The grey-backed thrush (Turdus hortulorum) is a species of bird in the family Turdidae. It breeds in northeastern China and the Russian Far East and winters in southern China and northern Vietnam. Its natural habitat is temperate forests. A captive bred pair laid five eggs, which hatched 14 days after the first egg was laid. The young left the nest 12 days later.

== Description ==
The grey-backed thrush is a medium-sized Passerine. It is a sexually-dimorphic species, with males having a slate grey back and chest and white chin and belly, with rufous flanks. Females have grey or brown backs, with dark spots on the chest and similar plumage to males on the belly and flanks.
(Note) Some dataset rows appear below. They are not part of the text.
lemma mmap_in_word_map_image: "i \<in> {1, 2, 3} \<Longrightarrow> mmap i \<in> word_map ` {w. reduced_word w}"
  by (rule image_eqI[of _ _ "[i]"]) simp_all

lemma generate_subset_word_map:
  "generate (BijGroup UNIV) {mmap 1, mmap 2, mmap 3} \<subseteq> word_map ` {w. reduced_word w}"
proof
  fix f
  assume "f \<in> generate (BijGroup UNIV) {mmap 1, mmap 2, mmap 3}"
  then show "f \<in> word_map ` {w. reduced_word w}"
  proof (induction rule: generate.induct)
    case one
    show ?case
      by (metis BijGroup_UNIV_one word_map_Nil reduced_word_Nil image_eqI mem_Collect_eq)
  next
    case (incl h)
    then obtain i where "i \<in> {1, 2, 3}" "h = mmap i"
      by blast
    then show ?case
      using mmap_in_word_map_image by blast
  next
    case (inv h)
    then obtain i where "i \<in> {1, 2, 3}" "inv\<^bsub>BijGroup UNIV\<^esub> h = mmap i"
      using BijGroup_UNIV_inv_mmap by blast
    then show ?case
      using mmap_in_word_map_image by metis
  next
    case (eng g h)
    then obtain u v where "reduced_word u" "reduced_word v" "g = word_map u" "h = word_map v"
      by blast
    then have "reduced_word (red (u @ v))"
      by (intro reduced_word_red) (auto simp: reduced_word_def)
    moreover have "g \<otimes>\<^bsub>BijGroup UNIV\<^esub> h = word_map (red (u @ v))"
      using \<open>g = word_map u\<close> \<open>h = word_map v\<close>
      by (simp add: BijGroup_UNIV_mult bij_word_map word_map_red word_map_append)
    ultimately show ?case
      by blast
  qed
qed

lemma Z2_free_product3_carrier: "carrier Z2_free_product3 = {w. reduced_word w}"
  by (simp add: Z2_free_product3_def)

lemma G_F_carrier:
  "carrier (G_F TYPE('a::field)) = generate (BijGroup UNIV) {mmap 1, mmap 2, mmap 3}"
  by (simp add: G_F_def)

lemma word_map_hom: "word_map \<in> hom Z2_free_product3 (G_F TYPE('a::field))"
proof (rule homI)
  fix u
  assume "u \<in> carrier Z2_free_product3"
  then show "word_map u \<in> carrier (G_F TYPE('a))"
    unfolding Z2_free_product3_carrier G_F_carrier using word_map_in_generate by blast
next
  fix u v
  show "word_map (u \<otimes>\<^bsub>Z2_free_product3\<^esub> v) = word_map u \<otimes>\<^bsub>G_F TYPE('a)\<^esub> word_map v"
    by (simp add: Z2_free_product3_def G_F_def BijGroup_UNIV_mult bij_word_map word_map_red
        word_map_append)
qed
lemma edge_connectivity_le_card_edge_boundary:
  assumes sg: "simple_graph G" and "u \<in> X" and "u \<in> verts G" and "v \<in> verts G" and "v \<notin> X"
  shows "edge_connectivity G \<le> card (edge_boundary G X)"
proof -
  have "edge_cut G (edge_boundary G X)"
    unfolding edge_cut_def using edge_boundary_subset del_edge_boundary_disconnected[OF assms] by blast
  moreover have "finite {S. edge_cut G S}"
    using simple_graph_finite_edges[OF sg] unfolding edge_cut_def by simp
  ultimately show ?thesis
    unfolding edge_connectivity_def by (simp add: Min_le)
qed

lemma component_edge_boundary_subset:
  assumes "C \<in> components (del_edges H S)"
  shows "edge_boundary H C \<subseteq> S"
proof
  let ?R = "adj_rel (del_edges H S)"
  obtain r where C: "C = {y \<in> verts H. (r, y) \<in> ?R\<^sup>*}"
    using assms unfolding components_def by auto
  fix e assume "e \<in> edge_boundary H C"
  then obtain u v where e: "e = {u, v}" "u \<in> C" "v \<in> verts H" "v \<notin> C" "{u, v} \<in> edges H"
    unfolding edge_boundary_def boundary_arcs_def by auto
  show "e \<in> S"
  proof (rule ccontr)
    assume "e \<notin> S"
    then have "(u, v) \<in> ?R"
      using e unfolding adj_rel_def by auto
    moreover have "(r, u) \<in> ?R\<^sup>*"
      using e C by simp
    ultimately have "(r, v) \<in> ?R\<^sup>*"
      by simp
    then show False
      using e C by simp
  qed
qed

lemma components_card_ge_2:
  assumes "simple_graph K" and "\<And>r. r \<in> verts K \<Longrightarrow> \<exists>q. (r, q) \<in> adj_rel K"
    and "C \<in> components K"
  shows "2 \<le> card C"
proof -
  obtain r where r: "r \<in> verts K" and C: "C = {y \<in> verts K. (r, y) \<in> (adj_rel K)\<^sup>*}"
    using assms(3) unfolding components_def by auto
  obtain q where q: "(r, q) \<in> adj_rel K"
    using assms(2)[OF r] by blast
  then have "{r, q} \<subseteq> C" and "r \<noteq> q"
    using r C adj_rel_subset[OF assms(1)] adj_rel_irrefl by fastforce+
  moreover have "finite C"
    using C simple_graph_finite_verts[OF assms(1)] by simp
  ultimately show ?thesis
    by (metis card_2_iff card_mono)
qed

lemma restricted_edge_cut_large_component:
  assumes sg: "simple_graph H" and "verts H \<noteq> {}" and cut: "restricted_edge_cut H S"
    and no_edge: "\<forall>C\<in>components (del_edges H S). card C \<noteq> 2"
  obtains C where "C \<subseteq> verts H" and "3 \<le> card C" and "card C + 3 \<le> card (verts H)"
    and "card (edge_boundary H C) \<le> card S"
proof -
  let ?R = "adj_rel (del_edges H S)"
  have large: "3 \<le> card C" if "C \<in> components (del_edges H S)" for C
    using cut no_edge that unfolding restricted_edge_cut_def by force
  obtain p q where pq: "p \<in> verts H" "q \<in> verts H" "(p, q) \<notin> ?R\<^sup>*"
    using cut assms(2) unfolding restricted_edge_cut_def graph_connected_def by auto
  define C where "C = {y \<in> verts H. (p, y) \<in> ?R\<^sup>*}"
  define D where "D = {y \<in> verts H. (q, y) \<in> ?R\<^sup>*}"
  have C: "C \<in> components (del_edges H S)" and D: "D \<in> components (del_edges H S)"
    unfolding C_def D_def components_def using pq by auto
  have sym_reach: "sym (?R\<^sup>*)"
    by (intro sym_rtrancl) (auto simp: sym_def adj_rel_sym)
  have "D \<subseteq> verts H - C"
  proof
    fix y assume "y \<in> D"
    then have "(y, q) \<in> ?R\<^sup>*" and "y \<in> verts H"
      unfolding D_def using sym_reach by (auto dest: symD)
    then show "y \<in> verts H - C"
      unfolding C_def using pq(3) rtrancl_trans[of p y ?R q] by blast
  qed
  then have "card D \<le> card (verts H) - card C"
    using simple_graph_finite_verts[OF sg] C_def
    by (metis (no_types, lifting) card_Diff_subset card_mono finite_Diff finite_subset mem_Collect_eq subsetI)
  moreover have "card C \<le> card (verts H)"
    using simple_graph_finite_verts[OF sg] C_def by (intro card_mono) auto
  moreover have "card (edge_boundary H C) \<le> card S"
    using component_edge_boundary_subset[OF C] cut simple_graph_finite_edges[OF sg]
    unfolding restricted_edge_cut_def by (meson card_mono finite_subset)
  ultimately show ?thesis
    using that[of C] large[OF C] large[OF D] C_def by force
qed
These birds are 20-23 cm long, and weigh a mean 66.7 g (range: 61-69 g).

== Habitat ==
The grey-backed thrush primarily nests and forages in deciduous or evergreen forests with rolling terrain, rarely venturing above 1100 m in elevation. They eat both fruit and insects.

== Conservation ==
The grey-backed thrush is currently listed as a species of Least Concern by the IUCN.